- About this task:
Find the lines in the records below that contain "degree", and report each of them.

- Data supplied:

(* Let $G=(V,E)$ be a finite, connected, non-complete undirected graph, and let $P$ be the distribution of a random vector $\mathbf X=(X_\alpha)_{\alpha\in V}$ that is perfectly Markov to $G$. Assume $d_2(G)\le |V|-2$. Then there exists $k\in\{1,\dots,|V|-2\}$ such that $d_2(G_k)\le k$ and $G=G_k$, where $G_k$ is the $k$-graph of $P$.
   Context: For a vertex $\alpha$, $d(\alpha\mid G)$ is the number of neighbours of $\alpha$ in $G$. The degree two of $\alpha$ is $d_2(\alpha\mid G)=|\{\gamma:\gamma\text{ adjacent to }\alpha,\ d(\gamma\mid G)\ge2\}|$, and $d_2(G)=\max_{\alpha\in V}d_2(\alpha\mid G)$. A set $S$ separates disjoint nonempty vertex sets $A,B$ in $G$ if every path from $A$ to $B$ meets $S$. Write $\mathbf X_S=(X_\gamma)_{\gamma\in S}$. $P$ satisfies the global Markov property w.r.t. $G$ if, for all disjoint $A,B,S\subseteq V$ with $A,B$ nonempty, $S$ separating $A,B$ implies $\mathbf X_A\perp\!\!\!\perp\mathbf X_B\mid\mathbf X_S$. $P$ is perfectly Markov to $G$ if it satisfies the global Markov property and, for all disjoint nonempty $A,B,S\subseteq V$, $\mathbf X_A\perp\!\!\!\perp\mathbf X_B\mid\mathbf X_S$ implies that $S$ separates $A$ and $B$ in $G$. For $k\in\{0,\dots,|V|-2\}$, the $k$-graph $G_k=(V,E_k)$ has distinct $\alpha,\beta$ non-adjacent iff there exists $S\subseteq V\setminus\{\alpha,\beta\}$ with $|S|=k$ and $X_\alpha\perp\!\!\!\perp X_\beta\mid\mathbf X_S$. *)

theory Defs
  imports "HOL-Probability.Probability"
begin

definition ugraph :: "'v set \<Rightarrow> ('v \<Rightarrow> 'v \<Rightarrow> bool) \<Rightarrow> bool" where
  "ugraph V E \<longleftrightarrow> finite V \<and> (\<forall>x y. E x y \<longrightarrow> x \<in> V \<and> y \<in> V \<and> x \<noteq> y \<and> E y x)"

definition connected_graph :: "'v set \<Rightarrow> ('v \<Rightarrow> 'v \<Rightarrow> bool) \<Rightarrow> bool" where
  "connected_graph V E \<longleftrightarrow> V \<noteq> {} \<and> (\<forall>x\<in>V. \<forall>y\<in>V. E\<^sup>*\<^sup>* x y)"

definition complete_graph :: "'v set \<Rightarrow> ('v \<Rightarrow> 'v \<Rightarrow> bool) \<Rightarrow> bool" where
  "complete_graph V E \<longleftrightarrow> (\<forall>x\<in>V. \<forall>y\<in>V. x \<noteq> y \<longrightarrow> E x y)"

definition deg :: "'v set \<Rightarrow> ('v \<Rightarrow> 'v \<Rightarrow> bool) \<Rightarrow> 'v \<Rightarrow> nat" where
  "deg V E a = card {g \<in> V. E a g}"

definition deg2 :: "'v set \<Rightarrow> ('v \<Rightarrow> 'v \<Rightarrow> bool) \<Rightarrow> 'v \<Rightarrow> nat" where
  "deg2 V E a = card {g \<in> V. E a g \<and> deg V E g \<ge> 2}"

definition max_deg2 :: "'v set \<Rightarrow> ('v \<Rightarrow> 'v \<Rightarrow> bool) \<Rightarrow> nat" where
  "max_deg2 V E = Max (deg2 V E ` V)"

definition is_path :: "('v \<Rightarrow> 'v \<Rightarrow> bool) \<Rightarrow> 'v list \<Rightarrow> bool" where
  "is_path E p \<longleftrightarrow> p \<noteq> [] \<and> (\<forall>i. Suc i < length p \<longrightarrow> E (p ! i) (p ! Suc i))"

definition separates :: "('v \<Rightarrow> 'v \<Rightarrow> bool) \<Rightarrow> 'v set \<Rightarrow> 'v set \<Rightarrow> 'v set \<Rightarrow> bool" where
  "separates E S A B \<longleftrightarrow>
     (\<forall>p. is_path E p \<and> hd p \<in> A \<and> last p \<in> B \<longrightarrow> set p \<inter> S \<noteq> {})"

definition vec_algebra ::
  "'a measure \<Rightarrow> ('v \<Rightarrow> 'b measure) \<Rightarrow> ('v \<Rightarrow> 'a \<Rightarrow> 'b) \<Rightarrow> 'v set \<Rightarrow> 'a measure" where
  "vec_algebra M N X S = vimage_algebra (space M) (\<lambda>w. restrict (\<lambda>g. X g w) S) (PiM S N)"

definition cond_indep ::
  "'a measure \<Rightarrow> ('v \<Rightarrow> 'b measure) \<Rightarrow> ('v \<Rightarrow> 'a \<Rightarrow> 'b) \<Rightarrow> 'v set \<Rightarrow> 'v set \<Rightarrow> 'v set \<Rightarrow> bool" where
  "cond_indep M N X A B S \<longleftrightarrow>
     (\<forall>a \<in> sets (vec_algebra M N X A). \<forall>b \<in> sets (vec_algebra M N X B).
        AE w in M. real_cond_exp M (vec_algebra M N X S) (indicator (a \<inter> b)) w
                 = real_cond_exp M (vec_algebra M N X S) (indicator a) w *
                   real_cond_exp M (vec_algebra M N X S) (indicator b) w)"

definition global_markov ::
  "'v set \<Rightarrow> ('v \<Rightarrow> 'v \<Rightarrow> bool) \<Rightarrow> 'a measure \<Rightarrow> ('v \<Rightarrow> 'b measure) \<Rightarrow> ('v \<Rightarrow> 'a \<Rightarrow> 'b) \<Rightarrow> bool" where
  "global_markov V E M N X \<longleftrightarrow>
     (\<forall>A B S. A \<subseteq> V \<and> B \<subseteq> V \<and> S \<subseteq> V \<and> A \<noteq> {} \<and> B \<noteq> {} \<and>
        A \<inter> B = {} \<and> A \<inter> S = {} \<and> B \<inter> S = {} \<and> separates E S A B
        \<longrightarrow> cond_indep M N X A B S)"

definition perfectly_markov ::
  "'v set \<Rightarrow> ('v \<Rightarrow> 'v \<Rightarrow> bool) \<Rightarrow> 'a measure \<Rightarrow> ('v \<Rightarrow> 'b measure) \<Rightarrow> ('v \<Rightarrow> 'a \<Rightarrow> 'b) \<Rightarrow> bool" where
  "perfectly_markov V E M N X \<longleftrightarrow> global_markov V E M N X \<and>
     (\<forall>A B S. A \<subseteq> V \<and> B \<subseteq> V \<and> S \<subseteq> V \<and> A \<noteq> {} \<and> B \<noteq> {} \<and> S \<noteq> {} \<and>
        A \<inter> B = {} \<and> A \<inter> S = {} \<and> B \<inter> S = {} \<and> cond_indep M N X A B S
        \<longrightarrow> separates E S A B)"

definition kgraph ::
  "'v set \<Rightarrow> 'a measure \<Rightarrow> ('v \<Rightarrow> 'b measure) \<Rightarrow> ('v \<Rightarrow> 'a \<Rightarrow> 'b) \<Rightarrow> nat \<Rightarrow> 'v \<Rightarrow> 'v \<Rightarrow> bool" where
  "kgraph V M N X k a b \<longleftrightarrow> a \<in> V \<and> b \<in> V \<and> a \<noteq> b \<and>
     \<not> (\<exists>S. S \<subseteq> V - {a, b} \<and> card S = k \<and> cond_indep M N X {a} {b} S)"

end

theory Submission
  imports Defs
begin

(*
  Put k = max 1 (max_deg2 V E); then 1 \<le> k \<le> |V| - 2, because a connected
  non-complete graph has at least three vertices.  We show E = G_k, which gives the
  claim since then max_deg2 of G_k is max_deg2 V E \<le> k.

  * Edges survive in G_k: if a, b are adjacent, the one-edge path [a, b] avoids every
    set S \<subseteq> V - {a, b}, so no nonempty such S separates a from b; perfect Markovness
    then forbids X_a \<perp> X_b | X_S for every S of size k \<ge> 1.
  * Non-edges disappear from G_k: if a, b are distinct and non-adjacent, every path from
    a to b passes through a neighbour of a of degree at least two (the vertex right
    after the last visit of a).  These neighbours number deg2 a \<le> k, so they extend to a
    set S \<subseteq> V - {a, b} of size exactly k that still separates a from b, and the global
    Markov property yields X_a \<perp> X_b | X_S.
*)

definition branching_nbrs :: "'v set \<Rightarrow> ('v \<Rightarrow> 'v \<Rightarrow> bool) \<Rightarrow> 'v \<Rightarrow> 'v set" where
  "branching_nbrs V E a = {g \<in> V. E a g \<and> deg V E g \<ge> 2}"

lemma card_branching_nbrs: "card (branching_nbrs V E a) = deg2 V E a"
  unfolding branching_nbrs_def deg2_def ..

lemma deg2_le_max_deg2:
  assumes "finite V" "a \<in> V"
  shows "deg2 V E a \<le> max_deg2 V E"
  using assms unfolding max_deg2_def by simp

text \<open>A connected graph that is not complete has two non-adjacent vertices and a
  third one next to either of them, hence at least three vertices.\<close>

lemma card_ge_3_if_connected_not_complete:
  assumes ug: "ugraph V E" and conn: "connected_graph V E" and "\<not> complete_graph V E"
  shows "card V \<ge> 3"
proof -
  have fin: "finite V" using ug unfolding ugraph_def by auto
  obtain a b where ab: "a \<in> V" "b \<in> V" "a \<noteq> b" "\<not> E a b"
    using assms(3) unfolding complete_graph_def by auto
  have "E\<^sup>*\<^sup>* a b" using conn ab unfolding connected_graph_def by auto
  then obtain c where "E a c" "E\<^sup>*\<^sup>* c b"
    using ab(3) by (metis converse_rtranclpE)
  then have c: "c \<in> V" "c \<noteq> a" "c \<noteq> b" using ug ab(4) unfolding ugraph_def by auto
  have "card {a, b, c} = 3" using ab c by auto
  moreover have "card {a, b, c} \<le> card V" using fin ab c by (intro card_mono) auto
  ultimately show ?thesis by simp
qed

lemma not_separates_adjacent:
  assumes "E a b" "a \<notin> S" "b \<notin> S"
  shows "\<not> separates E S {a} {b}"
proof -
  have "is_path E [a, b]" using assms(1) unfolding is_path_def by (auto simp: less_Suc_eq)
  then show ?thesis using assms(2,3) unfolding separates_def by fastforce
qed

text \<open>Key combinatorial fact: on any path from a to a non-adjacent vertex b, the vertex
  following the last occurrence of a is a neighbour of a with a further neighbour
  (the next vertex on the path), hence a branching neighbour of a.\<close>

lemma path_meets_branching_nbrs:
  assumes ug: "ugraph V E" and aV: "a \<in> V" and ab: "a \<noteq> b" "\<not> E a b"
    and p: "is_path E p" "hd p = a" "last p = b"
  shows "set p \<inter> branching_nbrs V E a \<noteq> {}"
proof -
  have fin: "finite V" using ug unfolding ugraph_def by auto
  have ne: "p \<noteq> []" using p unfolding is_path_def by auto
  define J where "J = {j. j < length p \<and> p ! j = a}"
  define i where "i = Max J"
  have J: "finite J" "0 \<in> J" using ne p unfolding J_def by (auto simp: hd_conv_nth)
  then have "i \<in> J" unfolding i_def using Max_in by blast
  then have i: "i < length p" "p ! i = a" unfolding J_def by auto
  have i_last: "\<And>j. j < length p \<Longrightarrow> p ! j = a \<Longrightarrow> j \<le> i"
    using J(1) unfolding i_def J_def by simp
  have p_end: "p ! (length p - 1) = b" using p ne by (simp add: last_conv_nth)
  have "i \<noteq> length p - 1" using i p_end ab(1) by auto
  then have i1: "Suc i < length p" using i(1) by linarith
  define c where "c = p ! Suc i"
  have Eac: "E a c" using p(1) i1 i unfolding is_path_def c_def by auto
  then have c: "c \<in> V" "E c a" using ug unfolding ugraph_def by auto
  have "Suc i \<noteq> length p - 1" using p_end Eac ab(2) unfolding c_def by auto
  then have i2: "Suc (Suc i) < length p" using i1 by linarith
  define d where "d = p ! Suc (Suc i)"
  have Ecd: "E c d" using p(1) i2 unfolding is_path_def c_def d_def by auto
  have "d \<noteq> a" using i_last[of "Suc (Suc i)"] i2 d_def by auto
  moreover have "d \<in> V" using ug Ecd unfolding ugraph_def by auto
  ultimately have "card {a, d} \<le> card {g \<in> V. E c g}"
    using fin aV c Ecd by (intro card_mono) auto
  then have "deg V E c \<ge> 2" using \<open>d \<noteq> a\<close> unfolding deg_def by simp
  moreover have "c \<in> set p" using i1 c_def by auto
  ultimately show ?thesis using c Eac unfolding branching_nbrs_def by auto
qed

lemma separates_non_adjacent:
  assumes "ugraph V E" "a \<in> V" "a \<noteq> b" "\<not> E a b" "branching_nbrs V E a \<subseteq> S"
  shows "separates E S {a} {b}"
  unfolding separates_def
  using path_meets_branching_nbrs[OF assms(1-4)] assms(5) by blast

lemma global_markov_pair:
  assumes gm: "global_markov V E M N X" and ab: "a \<in> V" "b \<in> V" "a \<noteq> b"
    and S: "S \<subseteq> V - {a, b}" and sep: "separates E S {a} {b}"
  shows "cond_indep M N X {a} {b} S"
  by (rule gm[unfolded global_markov_def, rule_format]) (use ab S sep in auto)

lemma perfectly_markov_pair:
  assumes pm: "perfectly_markov V E M N X" and ab: "a \<in> V" "b \<in> V" "a \<noteq> b"
    and S: "S \<subseteq> V - {a, b}" "S \<noteq> {}" and ci: "cond_indep M N X {a} {b} S"
  shows "separates E S {a} {b}"
proof -
  have "\<forall>A B S. A \<subseteq> V \<and> B \<subseteq> V \<and> S \<subseteq> V \<and> A \<noteq> {} \<and> B \<noteq> {} \<and> S \<noteq> {} \<and>
      A \<inter> B = {} \<and> A \<inter> S = {} \<and> B \<inter> S = {} \<and> cond_indep M N X A B S
      \<longrightarrow> separates E S A B"
    using pm unfolding perfectly_markov_def by (rule conjunct2)
  then show ?thesis by (rule allE[of _ "{a}"], elim allE[of _ "{b}"] allE[of _ S] mp)
    (use ab S ci in auto)
qed

text \<open>Adjacent vertices stay adjacent in G_k for k \<ge> 1: a conditional independence
  given a nonempty set would force that set to separate them.\<close>

lemma edge_in_kgraph:
  assumes ug: "ugraph V E" and pm: "perfectly_markov V E M N X"
    and k: "k \<ge> 1" and Eab: "E a b"
  shows "kgraph V M N X k a b"
proof -
  have ab: "a \<in> V" "b \<in> V" "a \<noteq> b" using ug Eab unfolding ugraph_def by auto
  have "\<not> cond_indep M N X {a} {b} S" if S: "S \<subseteq> V - {a, b}" "card S = k" for S
  proof
    assume ci: "cond_indep M N X {a} {b} S"
    have "S \<noteq> {}" using S k by auto
    then have "separates E S {a} {b}" using perfectly_markov_pair[OF pm ab] S(1) ci by blast
    then show False using not_separates_adjacent[of E a b S] Eab S by auto
  qed
  then show ?thesis using ab unfolding kgraph_def by blast
qed

text \<open>Non-adjacent vertices a, b are non-adjacent in G_k whenever deg2 a \<le> k \<le> |V| - 2:
  pad the branching neighbours of a to a separating set of size k.\<close>

lemma non_edge_not_in_kgraph:
  assumes ug: "ugraph V E" and gm: "global_markov V E M N X"
    and ab: "a \<in> V" "b \<in> V" "a \<noteq> b" "\<not> E a b"
    and k: "deg2 V E a \<le> k" "k \<le> card V - 2"
  shows "\<not> kgraph V M N X k a b"
proof -
  have fin: "finite V" using ug unfolding ugraph_def by auto
  have nbrs: "branching_nbrs V E a \<subseteq> V - {a, b}"
    using ug ab(4) unfolding branching_nbrs_def ugraph_def by auto
  have "card (V - {a, b}) = card V - 2" using ab fin by auto
  then obtain S where S: "branching_nbrs V E a \<subseteq> S" "S \<subseteq> V - {a, b}" "card S = k"
    using exists_subset_between[OF _ _ nbrs] fin k by (auto simp: card_branching_nbrs)
  have "separates E S {a} {b}" using separates_non_adjacent[OF ug ab(1,3,4) S(1)] .
  then have "cond_indep M N X {a} {b} S" using global_markov_pair[OF gm ab(1-3) S(2)] by blast
  then show ?thesis using S unfolding kgraph_def by blast
qed

lemma graph_eq_kgraph:
  assumes ug: "ugraph V E" and pm: "perfectly_markov V E M N X"
    and k: "1 \<le> k" "max_deg2 V E \<le> k" "k \<le> card V - 2"
  shows "E = kgraph V M N X k"
proof (intro ext iffI)
  fix a b assume "E a b"
  then show "kgraph V M N X k a b" using edge_in_kgraph[OF ug pm k(1)] by blast
next
  fix a b assume kab: "kgraph V M N X k a b"
  then have ab: "a \<in> V" "b \<in> V" "a \<noteq> b" unfolding kgraph_def by auto
  have "deg2 V E a \<le> k"
    using deg2_le_max_deg2[of V a E] ug ab(1) k(2) unfolding ugraph_def by simp
  moreover have "global_markov V E M N X" using pm unfolding perfectly_markov_def by simp
  ultimately show "E a b"
    using non_edge_not_in_kgraph[OF ug _ ab, of M N X k] k(3) kab by blast
qed

theorem corollary9:
  fixes V :: "'v set" and E :: "'v \<Rightarrow> 'v \<Rightarrow> bool"
    and M :: "'a measure" and N :: "'v \<Rightarrow> 'b measure" and X :: "'v \<Rightarrow> 'a \<Rightarrow> 'b"
  assumes "ugraph V E"
    and "connected_graph V E"
    and "\<not> complete_graph V E"
    and "prob_space M"
    and "\<And>g. g \<in> V \<Longrightarrow> X g \<in> measurable M (N g)"
    and "perfectly_markov V E M N X"
    and "max_deg2 V E \<le> card V - 2"
  shows "\<exists>k \<in> {1..card V - 2}. max_deg2 V (kgraph V M N X k) \<le> k \<and> E = kgraph V M N X k"
proof -
  define k where "k = max 1 (max_deg2 V E)"
  have "card V \<ge> 3" using card_ge_3_if_connected_not_complete assms(1-3) .
  then have k_range: "k \<in> {1..card V - 2}" using assms(7) unfolding k_def by auto
  have eq: "E = kgraph V M N X k"
    using graph_eq_kgraph[OF assms(1,6)] k_range unfolding k_def by auto
  have "max_deg2 V (kgraph V M N X k) = max_deg2 V E" using eq by simp
  then have "max_deg2 V (kgraph V M N X k) \<le> k" unfolding k_def by simp
  with k_range eq show ?thesis by blast
qed

end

- Your solution:
   Context: For a vertex $\alpha$, $d(\alpha\mid G)$ is the number of neighbours of $\alpha$ in $G$. The degree two of $\alpha$ is $d_2(\alpha\mid G)=|\{\gamma:\gamma\text{ adjacent to }\alpha,\ d(\gamma\mid G)\ge2\}|$, and $d_2(G)=\max_{\alpha\in V}d_2(\alpha\mid G)$. A set $S$ separates disjoint nonempty vertex sets $A,B$ in $G$ if every path from $A$ to $B$ meets $S$. Write $\mathbf X_S=(X_\gamma)_{\gamma\in S}$. $P$ satisfies the global Markov property w.r.t. $G$ if, for all disjoint $A,B,S\subseteq V$ with $A,B$ nonempty, $S$ separating $A,B$ implies $\mathbf X_A\perp\!\!\!\perp\mathbf X_B\mid\mathbf X_S$. $P$ is perfectly Markov to $G$ if it satisfies the global Markov property and, for all disjoint nonempty $A,B,S\subseteq V$, $\mathbf X_A\perp\!\!\!\perp\mathbf X_B\mid\mathbf X_S$ implies that $S$ separates $A$ and $B$ in $G$. For $k\in\{0,\dots,|V|-2\}$, the $k$-graph $G_k=(V,E_k)$ has distinct $\alpha,\beta$ non-adjacent iff there exists $S\subseteq V\setminus\{\alpha,\beta\}$ with $|S|=k$ and $X_\alpha\perp\!\!\!\perp X_\beta\mid\mathbf X_S$. *)
    a to b passes through a neighbour of a of degree at least two (the vertex right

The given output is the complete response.